**Problem statement:**
Only the lines that hold the word "then" are wanted from this listing.

**Dataset records:**
lemma subspace_finite_complement:
  assumes "subspace V" "subspace Y" "V \<subseteq> Y" "Y \<subseteq> V + span D" "finite D"
  obtains D' where "finite D'" "D' \<subseteq> Y" "Y = V + span D'" "V \<inter> span D' \<subseteq> {0}"
proof -
  obtain B where B: "B \<subseteq> Y \<inter> span D" "independent B" "Y \<inter> span D \<subseteq> span B"
    by (meson basis_exists)
  have "finite B"
    using independent_span_bound[OF \<open>finite D\<close> B(2)] B(1) by blast
  have "span B \<subseteq> Y"
    using B(1) assms(2) by (intro span_minimal) auto
  have "Y = V + span B"
  proof
    show "Y \<subseteq> V + span B"
    proof
      fix y assume "y \<in> Y"
      then obtain v w where vw: "y = v + w" "v \<in> V" "w \<in> span D"
        using assms(4) by (blast elim: set_plus_elim)
      have "y - v \<in> Y"
        using \<open>y \<in> Y\<close> vw(2) assms(2,3) by (blast intro: subspace_diff)
      then have "w \<in> span B"
        using vw B(3) by (simp add: subsetD)
      then show "y \<in> V + span B"
        using vw by blast
    qed
    show "V + span B \<subseteq> Y"
      using assms(2,3) \<open>span B \<subseteq> Y\<close> by (auto simp: set_plus_def intro: subspace_add)
  qed
  obtain D' where D': "D' \<subseteq> B" "V + span D' = V + span B" "V \<inter> span D' \<subseteq> {0}"
    using span_complement_subset[OF assms(1) \<open>finite B\<close>] by blast
  moreover have "finite D'"
    using D'(1) \<open>finite B\<close> by (rule finite_subset)
  moreover have "D' \<subseteq> Y"
    using D'(1) B(1) by blast
  ultimately show ?thesis
    using that \<open>Y = V + span B\<close> by simp
qed

definition subset_mod_fin_dim :: "'a::real_vector set \<Rightarrow> 'a set \<Rightarrow> bool" where
  "subset_mod_fin_dim A B \<longleftrightarrow> (\<exists>D. finite D \<and> A \<subseteq> B + span D)"

lemma subset_mod_fin_dimI: "finite D \<Longrightarrow> A \<subseteq> B + span D \<Longrightarrow> subset_mod_fin_dim A B"
  unfolding subset_mod_fin_dim_def by blast

lemma subset_imp_subset_mod_fin_dim: "A \<subseteq> B \<Longrightarrow> subset_mod_fin_dim A B"
  by (rule subset_mod_fin_dimI[of "{}"]) auto

lemma subset_mod_fin_dim_trans [trans]:
  assumes "subset_mod_fin_dim A B" "subset_mod_fin_dim B C"
  shows "subset_mod_fin_dim A C"
proof -
  obtain D E where D: "finite D" "A \<subseteq> B + span D" and E: "finite E" "B \<subseteq> C + span E"
    using assms unfolding subset_mod_fin_dim_def by meson
  note D(2)
  also have "B + span D \<subseteq> (C + span E) + span D"
    using E(2) by (intro set_plus_mono2) auto
  also have "\<dots> = C + span (E \<union> D)"
    by (simp add: span_Un_set_plus add.assoc)
  finally show ?thesis
    using D(1) E(1) by (intro subset_mod_fin_dimI[of "E \<union> D"]) auto
qed

lemma subset_mod_fin_dim_plus_span:
  assumes "subset_mod_fin_dim A B" "finite K"
  shows "subset_mod_fin_dim (A + span K) B"
proof -
  obtain D where D: "finite D" "A \<subseteq> B + span D"
    using assms(1) unfolding subset_mod_fin_dim_def by meson
  then have "A + span K \<subseteq> (B + span D) + span K"
    by (intro set_plus_mono2) auto
  also have "\<dots> = B + span (D \<union> K)"
    by (simp add: span_Un_set_plus add.assoc)
  finally show ?thesis
    using D(1) assms(2) by (intro subset_mod_fin_dimI[of "D \<union> K"]) auto
qed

**Result for this task:**
      then obtain v w where vw: "y = v + w" "v \<in> V" "w \<in> span D"
      then have "w \<in> span B"
      then show "y \<in> V + span B"
  then have "A + span K \<subseteq> (B + span D) + span K"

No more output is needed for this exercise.